Read your speech out loud. Visualise your speech in your head. In trying to formulate a point for your speech then Twitter can be a good place. Why because the number of words that can be used is a set amount and so you have to get your point across in that amount of words. Be smart about the structure of your presentation. Deliver your punchline early so listeners can understand and make sense out of what you’re saying. Make your speech memorable. Your speech should have an opening statement that grabs interest, A middle part that establishes your credibility and a conclusion that propels the listener to support your position or to take action.

4. Audience

Identify who your audience is and then ask yourself how you intend to get them to listen.

5. Credibility

Why should your audience be listening to you? What makes you authority on this subject matter over someone else?

6. Storytelling

Storytelling is the one thing that you can add to your presentation that is an absolute game-changer. Stories help turn ordinary speeches into unforgettable experiences. You just simply can’t afford not to them in your presentations and here’s why. If you want your audience members to trust you more, connect deeper with you, and remember what you said, then tell an emotionally rich story. When you tell stories you transport your audience to a realm of imagination and creativity which is instantly engaging and can be extremely entertaining.
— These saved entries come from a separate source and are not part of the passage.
(* Pointwise form of c' = D + 2 g: for w = cnj gamma gamma' the left side is the derivative of
   Re w / |w|, and the right side is the first-variation density D once Re (cnj gamma' V') has been
   replaced by - Re (cnj gamma'' V). *)
lemma first_variation_angle_identity:
  fixes z z' z'' :: complex
  assumes "z \<noteq> 0" and "z' \<noteq> 0"
  defines "V \<equiv> \<i> * of_real (Im (z' / z)) / cnj z'"
    and "w \<equiv> cnj z * z'" and "w' \<equiv> cnj z' * z' + cnj z * z''"
  shows "- Im w * Im (cnj w * w') / cmod w ^ 3 =
      cmod z * (- Re (cnj z'' * V) / cmod z') + Re (cnj z * V) / cmod z * cmod z'
      + 2 * ((Im w)\<^sup>2 / (cmod z ^ 3 * cmod z'))"
proof -
  define R S J K where "R = cmod z" and "S = cmod z'" and "J = Im w" and "K = Im (cnj z' * z'')"
  have "R > 0" "S > 0"
    using assms(1,2) by (auto simp: R_def S_def)
  have "z' / z = w / of_real (R\<^sup>2)"
    using assms(1) unfolding w_def R_def complex_norm_square by (simp add: field_simps)
  then have "V = \<i> * of_real (J / R\<^sup>2) * (1 / cnj z')"
    unfolding V_def J_def by simp
  also have "1 / cnj z' = z' / of_real (S\<^sup>2)"
    using assms(2) unfolding S_def complex_norm_square by (simp add: field_simps)
  finally have V: "V = of_real (J / (R\<^sup>2 * S\<^sup>2)) * (\<i> * z')"
    by (simp add: field_simps)
  have "cnj z * V = of_real (J / (R\<^sup>2 * S\<^sup>2)) * (\<i> * w)"
    unfolding V w_def by (simp add: algebra_simps)
  then have Re_zV: "Re (cnj z * V) = - J\<^sup>2 / (R\<^sup>2 * S\<^sup>2)"
    unfolding J_def by (simp add: power2_eq_square)
  have Re_z''V: "Re (cnj z'' * V) = J * K / (R\<^sup>2 * S\<^sup>2)"
    unfolding V K_def by (simp add: algebra_simps)
  have Im_ww': "Im (cnj w * w') = R\<^sup>2 * K - S\<^sup>2 * J"
    unfolding J_def K_def w_def w'_def R_def S_def cmod_power2 by (simp add: algebra_simps power2_eq_square)
  have cmod_w: "cmod w = R * S"
    unfolding w_def R_def S_def by (simp add: norm_mult)
  show ?thesis
    unfolding Re_zV Re_z''V Im_ww' cmod_w J_def[symmetric] R_def[symmetric] S_def[symmetric]
    using \<open>R > 0\<close> \<open>S > 0\<close>
    by (simp add: field_simps power2_eq_square power3_eq_cube)
qed

section \<open>Chekanov tori\<close>

locale chekanov_curve =
  fixes \<gamma> \<gamma>' \<gamma>'' :: "real \<Rightarrow> complex" and u :: complex
  assumes smooth: "smooth_curve \<gamma>"
    and derivative: "\<And>t. (\<gamma> has_vector_derivative \<gamma>' t) (at t)"
    and derivative2: "\<And>t. (\<gamma>' has_vector_derivative \<gamma>'' t) (at t)"
    and periodic: "\<And>t. \<gamma> (t + 2 * pi) = \<gamma> t"
    and nonzero: "\<And>t. \<gamma> t \<noteq> 0"
    and regular: "\<And>t. \<gamma>' t \<noteq> 0"
    and half_plane: "\<And>t. Re (\<gamma> t * cnj u) > 0"
begin

lemma smooth': "smooth_curve \<gamma>'"
  using smooth_curve_derivative[OF smooth derivative] .

lemma continuous_on_\<gamma>: "continuous_on S \<gamma>"
  using smooth_curve_continuous[OF smooth] continuous_on_subset by blast

lemma continuous_on_\<gamma>': "continuous_on S \<gamma>'"
  using smooth_curve_continuous[OF smooth'] continuous_on_subset by blast

lemma periodic': "\<gamma>' (t + 2 * pi) = \<gamma>' t"
proof -
  have "((\<lambda>s. s + 2 * pi) has_vector_derivative 1) (at t)"
    by (auto intro!: derivative_eq_intros)
  from vector_diff_chain_at[OF this derivative]
  have "(\<gamma> has_vector_derivative \<gamma>' (t + 2 * pi)) (at t)"
    by (simp add: o_def periodic)
  then show ?thesis
    using derivative vector_derivative_unique_at by blast
qed

definition \<theta>' :: "real \<Rightarrow> real" where
  "\<theta>' t = Im (\<gamma>' t / \<gamma> t)"

(* A branch of arg gamma - arg u; it is smooth because gamma * cnj u stays in the right half-plane,
   where Ln is holomorphic. *)
definition \<theta> :: "real \<Rightarrow> real" where
  "\<theta> t = Im (Ln (\<gamma> t * cnj u))"

lemma \<theta>_has_real_derivative: "(\<theta> has_real_derivative \<theta>' t) (at t)"
proof -
  have "\<gamma> t * cnj u \<notin> \<real>\<^sub>\<le>\<^sub>0"
    using half_plane[of t] by (auto simp: complex_nonpos_Reals_iff)
  moreover have "((\<lambda>s. \<gamma> s * cnj u) has_vector_derivative \<gamma>' t * cnj u) (at t)"
    using derivative by (auto intro!: derivative_eq_intros)
  ultimately have "((\<lambda>s. Ln (\<gamma> s * cnj u)) has_vector_derivative \<gamma>' t * cnj u / (\<gamma> t * cnj u)) (at t)"
    using field_vector_diff_chain_at has_field_derivative_Ln by (fastforce simp: o_def divide_inverse)
  moreover have "\<gamma>' t * cnj u / (\<gamma> t * cnj u) = \<gamma>' t / \<gamma> t"
    using half_plane[of t] by auto
  ultimately have "(\<theta> has_vector_derivative \<theta>' t) (at t)"
    unfolding \<theta>_def[abs_def] \<theta>'_def using bounded_linear.has_vector_derivative[OF bounded_linear_Im]
    by metis
  then show ?thesis
    by (simp add: has_real_derivative_iff_has_vector_derivative)
qed

lemma smooth_\<theta>': "smooth_curve \<theta>'"
  unfolding \<theta>'_def[abs_def] divide_inverse
  using smooth_curve_linear[OF bounded_linear_Im
      smooth_curve_mult[OF smooth' smooth_curve_inverse[OF nonzero smooth]]] .

lemma smooth_\<theta>: "smooth_curve \<theta>"
  using smooth_curve_antiderivative[OF _ smooth_\<theta>'] \<theta>_has_real_derivative
  by (simp add: has_real_derivative_iff_has_vector_derivative)

definition hamiltonian :: "real \<times> real \<Rightarrow> real" where
  "hamiltonian p = \<theta> (snd p)"

lemma smooth_map_hamiltonian: "smooth_map hamiltonian"
  unfolding hamiltonian_def[abs_def] using smooth_curve_imp_smooth_map_snd[OF smooth_\<theta>] .

lemma periodic2_hamiltonian: "periodic2 hamiltonian"
  unfolding periodic2_def hamiltonian_def \<theta>_def by (simp add: periodic)
(* Let $G$ be a cofinite group and let $X=\{*\}\sqcup E(X)$ be a cofinite graph with a single vertex $*$. Let $\alpha\colon X\to G$ be a uniformly continuous map with $\alpha( * )=1_G$ and $\alpha(\overline e)=\alpha(e)^{-1}$ for all $e\in E(X)$, and let $\Gamma=\Gamma(G,X)$ be the cofinite Cayley graph. Then $\alpha$ generates $G$ topologically, i.e. $\overline{\langle\alpha(X)\rangle}=G$, if and only if $\Gamma$ is cofinitely connected.
   Context: A graph $\Gamma$ is a set $\Gamma=V(\Gamma)\sqcup E(\Gamma)$ with maps $s,t\colon E(\Gamma)\to V(\Gamma)$ and a fixed-point-free involution $e\mapsto\overline e$ of $E(\Gamma)$ with $s(\overline e)=t(e)$, $t(\overline e)=s(e)$. An equivalence relation $R$ on a graph is compatible if $R\subseteq (V\times V)\cup(E\times E)$, $(e,e')\in R$ implies $(s(e),s(e')),(t(e),t(e')),(\overline e,\overline{e'})\in R$, and $(e,\overline e)\notin R$ for all edges $e$; then $\Gamma/R$ is a graph. A cofinite entourage is an entourage that is an equivalence relation with finitely many classes. A cofinite graph is a graph with a Hausdorff uniformity in which the compatible cofinite entourages form a fundamental system. A cofinite group is a group with a Hausdorff uniformity having a fundamental system of cofinite congruences (cofinite entourages $R$ with $(a,b),(c,d)\in R\Rightarrow(ac,bd)\in R$). The cofinite Cayley graph $\Gamma(G,X)$ has $V=G\times\{*\}$, $E=G\times E(X)$, $s(g,e)=(g,* )$, $t(g,e)=(g\alpha(e),* )$, $\overline{(g,e)}=(g\alpha(e),\overline e)$, and carries the product uniformity of $G\times X$ (this makes it a cofinite graph). A cofinite graph is cofinitely connected if $\Gamma/R$ is path connected (any two vertices joined by a finite edge path $e_1\cdots e_n$ with $t(e_i)=s(e_{i+1})$) for every compatible cofinite entourage $R$. *)

theory Defs
  imports "HOL-Algebra.Generated_Groups"
begin

definition is_uniformity :: "'a set \<Rightarrow> ('a \<times> 'a) set set \<Rightarrow> bool" where
  "is_uniformity S U \<longleftrightarrow>
     S \<times> S \<in> U \<and>
     (\<forall>D\<in>U. Id_on S \<subseteq> D \<and> D \<subseteq> S \<times> S) \<and>
     (\<forall>D\<in>U. \<forall>D'. D \<subseteq> D' \<and> D' \<subseteq> S \<times> S \<longrightarrow> D' \<in> U) \<and>
     (\<forall>D\<in>U. \<forall>D'\<in>U. D \<inter> D' \<in> U) \<and>
     (\<forall>D\<in>U. D\<inverse> \<in> U) \<and>
     (\<forall>D\<in>U. \<exists>D'\<in>U. D' O D' \<subseteq> D)"

definition hausdorff_uniformity :: "'a set \<Rightarrow> ('a \<times> 'a) set set \<Rightarrow> bool" where
  "hausdorff_uniformity S U \<longleftrightarrow> is_uniformity S U \<and> \<Inter>U = Id_on S"

definition cofinite_entourage :: "'a set \<Rightarrow> ('a \<times> 'a) set set \<Rightarrow> ('a \<times> 'a) set \<Rightarrow> bool" where
  "cofinite_entourage S U R \<longleftrightarrow> R \<in> U \<and> equiv S R \<and> finite (S // R)"
(* Fix finite-dimensional $\mathcal H_2,\mathcal H_1$, an integer $M\ge1$ and an integer $1\le r\le\dim\mathcal H_1$. Then either for every density operator $\rho$ on $\mathcal H_1$ of rank $r$ there exists an extremal quantum $1$-tester with $M$ outcomes and normalization $I_2\otimes\rho$, or for no density operator $\rho$ of rank $r$ does such an extremal tester exist.
   Context: A quantum $1$-tester with $M$ outcomes is a family of positive operators $\{T_i\}_{i=1}^M$ on $\mathcal H_2\otimes\mathcal H_1$ with $\sum_iT_i=I_2\otimes\rho$ for a density operator $\rho$ on $\mathcal H_1$ (its normalization); extremal means an extreme point of the convex set of all such testers with $M$ outcomes. *)

theory Defs
  imports "HOL-Analysis.Analysis"
begin

text \<open>Operators on a finite-dimensional Hilbert space with basis indexed by a finite type 'n
  are complex matrices of type complex^'n^'n.  The tensor product H2 (x) H1 is indexed by 'n2 \<times> 'n1.\<close>

definition positive_op :: "complex^'n^'n \<Rightarrow> bool" where
  "positive_op A \<longleftrightarrow> (\<forall>v :: complex^'n.
      Im (\<Sum>i\<in>UNIV. \<Sum>j\<in>UNIV. cnj (v$i) * (A$i$j) * v$j) = 0 \<and>
      Re (\<Sum>i\<in>UNIV. \<Sum>j\<in>UNIV. cnj (v$i) * (A$i$j) * v$j) \<ge> 0)"

definition mtrace :: "complex^'n^'n \<Rightarrow> complex" where
  "mtrace A = (\<Sum>i\<in>UNIV. A$i$i)"

definition density_op :: "complex^'n^'n \<Rightarrow> bool" where
  "density_op \<rho> \<longleftrightarrow> positive_op \<rho> \<and> mtrace \<rho> = 1"

definition id_tensor :: "complex^'n1::finite^'n1 \<Rightarrow> complex^('n2::finite \<times> 'n1)^('n2 \<times> 'n1)" where
  "id_tensor \<rho> = (\<chi> p q. (if fst p = fst q then 1 else 0) * \<rho> $ snd p $ snd q)"

text \<open>Quantum 1-testers with outcomes indexed by the finite type 'm (M = CARD('m)).\<close>
definition testers :: "((complex^('n2::finite \<times> 'n1::finite)^('n2 \<times> 'n1))^'m::finite) set" where
  "testers = {T. (\<forall>i. positive_op (T$i)) \<and>
                 (\<exists>\<rho> :: complex^'n1^'n1. density_op \<rho> \<and> (\<Sum>i\<in>UNIV. T$i) = id_tensor \<rho>)}"

definition extremal_tester :: "((complex^('n2::finite \<times> 'n1::finite)^('n2 \<times> 'n1))^'m::finite) \<Rightarrow> bool" where
  "extremal_tester T \<longleftrightarrow> T extreme_point_of testers"

end

theory Submission
  imports Defs
begin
Try telling more stories in your next presentation — your audience will love you for it.

Traits of public speakers

Think about some of your favourite public speakers. What are some characteristics that they exhibit that you believed helped them become the amazing speaker they are today? Do you possess those characteristics? Whether you feel you do or not, there are certainly a handful of traits that many of the top-performing public speakers have. Below is a list of the 5 most important characteristics every successful speaker should possess:

Be Prepared

One of the most important qualities of a good speaker is the ability to be prepared.

Be Confident

Confidence allows public speakers to speak with clarity. When you are calm and focused, you can manage your thoughts better. Confidence also helps speakers speak slowly so they are understood.

Be Passionate

Presenting with passion shows a personal investment to the topic and connects people on an emotional level. Of course, this source of passion needs to come naturally. If the topic is something that you live and breathe – great!

Know your audience

If you are speaking in front of an audience, there is usually a reason. Know who you are speaking to and what they want or need to take away. If it's friends and family, entertain them. If it's a corporate event, teach and inspire them. Knowing the demographic of the audience is imperative.

Add humour and emotion to your speeches

Humour creates a bond between the speaker and the audience.

Every one of us wants to communicate better. Whether we’re presenting in a virtual environment, participating in a team meeting, or just talking with a friend, spouse, or stranger we all want what we’re saying to be delivered well.